> [Task objective]:
Report back every line of the entries that contains "True", exactly as written.

> [Extracted data]:
(* Let $k\ge 2$, let $H$ be a digraph (possibly with loops), and let $D$ be an $H$-colored local tournament. If every directed cycle in $D$ has $H$-length at most $k-2$, then $D$ has a $(k,H)$-kernel.
   Context: All digraphs are finite. A local tournament is a digraph $D$ such that for every vertex $x$, both the subdigraph induced by the in-neighbourhood $N^-(x)$ and that induced by the out-neighbourhood $N^+(x)$ are tournaments (every two distinct vertices joined by exactly one arc). $D$ has no loops and comes with a map $\rho: A(D)\to V(H)$. For a walk $W=(x_0,\ldots,x_n)$ in $D$, there is an obstruction on $x_i$ if $(\rho(x_{i-1},x_i),\rho(x_i,x_{i+1})) \notin A(H)$; for an open walk this is considered at internal vertices $x_i$, $1\le i\le n-1$, for a closed walk (such as a cycle) at all $i\in\{0,\ldots,n-1\}$ with indices modulo $n$. $O_H(W)$ is the set of indices with an obstruction; the $H$-length is $l_H(W)=|O_H(W)|+1$ for open $W$ and $|O_H(W)|$ for closed $W$. A $(k,H)$-kernel ($k\ge2$) is a set $S\subseteq V(D)$ such that for every two distinct $u,v\in S$ every directed $uv$-path in $D$ has $H$-length at least $k$, and for every $x\in V(D)\setminus S$ there is a directed path from $x$ to a vertex of $S$ of $H$-length at most $k-1$. *)

theory Defs
  imports Main
begin

definition digraph :: "'a set \<Rightarrow> ('a \<times> 'a) set \<Rightarrow> bool" where
  "digraph V A \<longleftrightarrow> finite V \<and> A \<subseteq> V \<times> V"

definition loopless :: "('a \<times> 'a) set \<Rightarrow> bool" where
  "loopless A \<longleftrightarrow> (\<forall>x. (x, x) \<notin> A)"

definition is_tournament_on :: "'a set \<Rightarrow> ('a \<times> 'a) set \<Rightarrow> bool" where
  "is_tournament_on X A \<longleftrightarrow>
     (\<forall>u\<in>X. \<forall>v\<in>X. u \<noteq> v \<longrightarrow> ((u, v) \<in> A \<longleftrightarrow> (v, u) \<notin> A))"

definition in_nbhd :: "('a \<times> 'a) set \<Rightarrow> 'a \<Rightarrow> 'a set" where
  "in_nbhd A x = {y. (y, x) \<in> A}"

definition out_nbhd :: "('a \<times> 'a) set \<Rightarrow> 'a \<Rightarrow> 'a set" where
  "out_nbhd A x = {y. (x, y) \<in> A}"

definition local_tournament :: "'a set \<Rightarrow> ('a \<times> 'a) set \<Rightarrow> bool" where
  "local_tournament V A \<longleftrightarrow> digraph V A \<and> loopless A \<and>
     (\<forall>x\<in>V. is_tournament_on (in_nbhd A x) A \<and> is_tournament_on (out_nbhd A x) A)"

definition H_colored :: "('a \<times> 'a) set \<Rightarrow> 'c set \<Rightarrow> ('c \<times> 'c) set \<Rightarrow> ('a \<times> 'a \<Rightarrow> 'c) \<Rightarrow> bool" where
  "H_colored A VH AH rho \<longleftrightarrow> digraph VH AH \<and> (\<forall>e\<in>A. rho e \<in> VH)"

definition dpath :: "'a set \<Rightarrow> ('a \<times> 'a) set \<Rightarrow> 'a list \<Rightarrow> bool" where
  "dpath V A xs \<longleftrightarrow> xs \<noteq> [] \<and> distinct xs \<and> set xs \<subseteq> V \<and>
     (\<forall>i. Suc i < length xs \<longrightarrow> (xs ! i, xs ! Suc i) \<in> A)"

definition dcycle :: "'a set \<Rightarrow> ('a \<times> 'a) set \<Rightarrow> 'a list \<Rightarrow> bool" where
  "dcycle V A xs \<longleftrightarrow> length xs \<ge> 2 \<and> distinct xs \<and> set xs \<subseteq> V \<and>
     (\<forall>i<length xs. (xs ! i, xs ! ((i + 1) mod length xs)) \<in> A)"

definition obstr_open :: "('c \<times> 'c) set \<Rightarrow> ('a \<times> 'a \<Rightarrow> 'c) \<Rightarrow> 'a list \<Rightarrow> nat set" where
  "obstr_open AH rho xs = {i. 1 \<le> i \<and> Suc i < length xs \<and>
     (rho (xs ! (i - 1), xs ! i), rho (xs ! i, xs ! Suc i)) \<notin> AH}"

definition H_length_open :: "('c \<times> 'c) set \<Rightarrow> ('a \<times> 'a \<Rightarrow> 'c) \<Rightarrow> 'a list \<Rightarrow> nat" where
  "H_length_open AH rho xs = card (obstr_open AH rho xs) + 1"

definition obstr_closed :: "('c \<times> 'c) set \<Rightarrow> ('a \<times> 'a \<Rightarrow> 'c) \<Rightarrow> 'a list \<Rightarrow> nat set" where
  "obstr_closed AH rho xs = {i. i < length xs \<and>
     (rho (xs ! ((i + length xs - 1) mod length xs), xs ! i),
      rho (xs ! i, xs ! ((i + 1) mod length xs))) \<notin> AH}"

definition H_length_closed :: "('c \<times> 'c) set \<Rightarrow> ('a \<times> 'a \<Rightarrow> 'c) \<Rightarrow> 'a list \<Rightarrow> nat" where
  "H_length_closed AH rho xs = card (obstr_closed AH rho xs)"

definition kH_kernel ::
  "'a set \<Rightarrow> ('a \<times> 'a) set \<Rightarrow> ('c \<times> 'c) set \<Rightarrow> ('a \<times> 'a \<Rightarrow> 'c) \<Rightarrow> nat \<Rightarrow> 'a set \<Rightarrow> bool" where
  "kH_kernel V A AH rho k S \<longleftrightarrow> S \<subseteq> V \<and>
     (\<forall>u\<in>S. \<forall>v\<in>S. u \<noteq> v \<longrightarrow>
        (\<forall>xs. dpath V A xs \<and> hd xs = u \<and> last xs = v \<longrightarrow> H_length_open AH rho xs \<ge> k)) \<and>
     (\<forall>x\<in>V - S. \<exists>xs. dpath V A xs \<and> hd xs = x \<and> last xs \<in> S \<and>
        H_length_open AH rho xs \<le> k - 1)"

end

theory Submission
  imports Defs
begin

text \<open>
  Let \<open>x R y\<close> mean that some directed \<open>xy\<close>-path has \<open>H\<close>-length at most \<open>k - 1\<close>, so
  that a \<open>(k,H)\<close>-kernel is exactly a kernel (an independent, absorbing set) of \<open>R\<close>.
  In a local tournament two mutually reachable vertices lie on a common cycle: a cycle
  swallows any vertex that it reaches and that reaches it back, by inserting the vertex
  between two consecutive cycle vertices or, when that is impossible everywhere, because
  the whole cycle then dominates the vertex. A subpath of a cycle has \<open>H\<close>-length at most
  one more than the cycle, so \<open>R\<close> holds in both directions within a strong component.
  Hence every one-way pair of \<open>R\<close> goes strictly down the reachability preorder, and a
  kernel is built by adding vertices in order of decreasing number of vertices they reach:
  each new vertex is either absorbed by the current kernel or independent of it.
\<close>

section \<open>Paths and cycles as vertex lists\<close>

lemma dpath_iff_successively:
  "dpath V A xs \<longleftrightarrow> xs \<noteq> [] \<and> distinct xs \<and> set xs \<subseteq> V \<and> successively (\<lambda>x y. (x, y) \<in> A) xs"
  by (simp add: dpath_def successively_conv_nth)

lemma dpath_Nil [simp]: "\<not> dpath V A []"
  by (simp add: dpath_def)

lemma dpath_Cons [simp]:
  "dpath V A (x # ys) \<longleftrightarrow>
     x \<in> V \<and> x \<notin> set ys \<and> (ys = [] \<or> (x, hd ys) \<in> A \<and> dpath V A ys)"
  by (auto simp: dpath_iff_successively successively_Cons)

lemma dpath_append:
  assumes "xs \<noteq> []" "ys \<noteq> []"
  shows "dpath V A (xs @ ys) \<longleftrightarrow>
    dpath V A xs \<and> dpath V A ys \<and> set xs \<inter> set ys = {} \<and> (last xs, hd ys) \<in> A"
  using assms by (auto simp: dpath_iff_successively successively_append_iff)

lemma dcycle_iff_dpath:
  "dcycle V A xs \<longleftrightarrow> 2 \<le> length xs \<and> dpath V A xs \<and> (last xs, hd xs) \<in> A"
proof (cases "2 \<le> length xs")
  case True
  then have "xs \<noteq> []" by auto
  have "(\<forall>i<length xs. (xs ! i, xs ! ((i + 1) mod length xs)) \<in> A) \<longleftrightarrow>
        (\<forall>i. Suc i < length xs \<longrightarrow> (xs ! i, xs ! Suc i) \<in> A) \<and> (last xs, hd xs) \<in> A"
    (is "?cyc \<longleftrightarrow> ?path \<and> ?wrap")
  proof
    assume cyc: ?cyc
    have ?path
      using cyc by (metis Suc_eq_plus1 Suc_lessD mod_less)
    moreover have ?wrap
    proof -
      have "Suc (length xs - 1) = length xs"
        using True by simp
      then show ?wrap
        using cyc[rule_format, of "length xs - 1"] \<open>xs \<noteq> []\<close>
        by (simp add: last_conv_nth hd_conv_nth)
    qed
    ultimately show "?path \<and> ?wrap" ..
  next
    assume "?path \<and> ?wrap"
    then show ?cyc
      using \<open>xs \<noteq> []\<close> by (metis Suc_eq_plus1 Suc_lessI hd_conv_nth last_conv_nth
          mod_less mod_self diff_Suc_1)
  qed
  then show ?thesis
    using True by (auto simp: dcycle_def dpath_def)
qed (simp add: dcycle_def)

lemma dcycle_append_swap:
  assumes "dcycle V A (xs @ ys)"
  shows "dcycle V A (ys @ xs)"
proof (cases "xs = [] \<or> ys = []")
  case False
  then show ?thesis
    using assms by (auto simp: dcycle_iff_dpath dpath_append)
qed (use assms in auto)

lemma dcycle_rotate_to:
  assumes "dcycle V A cs" "v \<in> set cs"
  obtains ys where "dcycle V A (v # ys)" "set (v # ys) = set cs"
proof -
  obtain xs ys where "cs = xs @ v # ys"
    using assms(2) by (meson split_list)
  then show thesis
    using that[of "ys @ xs"] dcycle_append_swap[of V A xs "v # ys"] assms(1) by auto
qed

lemma dcycle_insert:
  assumes "dcycle V A (xs @ u # w # ys)" "p \<in> V" "p \<notin> set (xs @ u # w # ys)"
    and "(u, p) \<in> A" "(p, w) \<in> A"
  shows "dcycle V A (xs @ u # p # w # ys)"
  using assms by (cases "xs = []") (auto simp: dcycle_iff_dpath dpath_append)

lemma dcycle_detour:
  assumes "dcycle V A (c # zs)" "dpath V A (qs @ [c])" "qs \<noteq> []"
    and "set qs \<inter> set (c # zs) = {}" "(last (c # zs), hd qs) \<in> A"
  shows "dcycle V A ((c # zs) @ qs)"
proof -
  have "dpath V A qs" "(last qs, c) \<in> A"
    using assms(2,3) by (simp_all add: dpath_append)
  moreover have "dpath V A (c # zs)"
    using assms(1) by (simp only: dcycle_iff_dpath)
  ultimately have "dpath V A ((c # zs) @ qs)"
    using assms(3-5) by (subst dpath_append) auto
  moreover have "2 \<le> length ((c # zs) @ qs)"
    using assms(3) by (cases qs) auto
  ultimately show ?thesis
    using \<open>(last qs, c) \<in> A\<close> assms(3) by (simp only: dcycle_iff_dpath) simp
qed

lemma dpath_imp_rtrancl: "dpath V A ps \<Longrightarrow> (hd ps, last ps) \<in> A\<^sup>*"
proof (induction ps)
  case (Cons a ps)
  then show ?case
    by (cases "ps = []") (auto intro: converse_rtrancl_into_rtrancl)
qed simp

lemma rtrancl_imp_dpath_first_hit:
  assumes "(u, v) \<in> A\<^sup>*" "v \<in> S" "A \<subseteq> V \<times> V" "u \<in> V"
  obtains ps where "dpath V A ps" "hd ps = u" "last ps \<in> S" "set (butlast ps) \<inter> S = {}"
proof -
  have "\<exists>ps. dpath V A ps \<and> hd ps = u \<and> last ps \<in> S \<and> set (butlast ps) \<inter> S = {}"
    using assms(1,4)
  proof (induction rule: converse_rtrancl_induct)
    case base
    then show ?case
      using assms(2) by (intro exI[of _ "[v]"]) auto
  next
    case (step y z)
    then obtain ps where ps: "dpath V A ps" "hd ps = z" "last ps \<in> S" "set (butlast ps) \<inter> S = {}"
      using assms(3) by blast
    then have "ps \<noteq> []"
      by auto
    consider "y \<in> S" | "y \<notin> S" "y \<in> set ps" | "y \<notin> S" "y \<notin> set ps"
      by blast
    then show ?case
    proof cases
      case 1
      then show ?thesis
        using step.prems by (intro exI[of _ "[y]"]) auto
    next
      case 2
      then obtain as bs where split: "ps = as @ y # bs"
        by (meson split_list)
      then have "dpath V A (y # bs)"
        using ps(1) dpath_append[of as "y # bs" V A] by (cases "as = []") auto
      moreover have "set (butlast (y # bs)) \<subseteq> set (butlast ps)"
        using split by (auto simp: butlast_append)
      ultimately show ?thesis
        using ps split by (intro exI[of _ "y # bs"]) auto
    next
      case 3
      then show ?thesis
        using ps \<open>ps \<noteq> []\<close> step.prems step.hyps(1) by (intro exI[of _ "y # ps"]) auto
    qed
  qed
  then show thesis
    using that by blast
qed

> [Result]:
  case True
        using True by simp
    using True by (auto simp: dcycle_def dpath_def)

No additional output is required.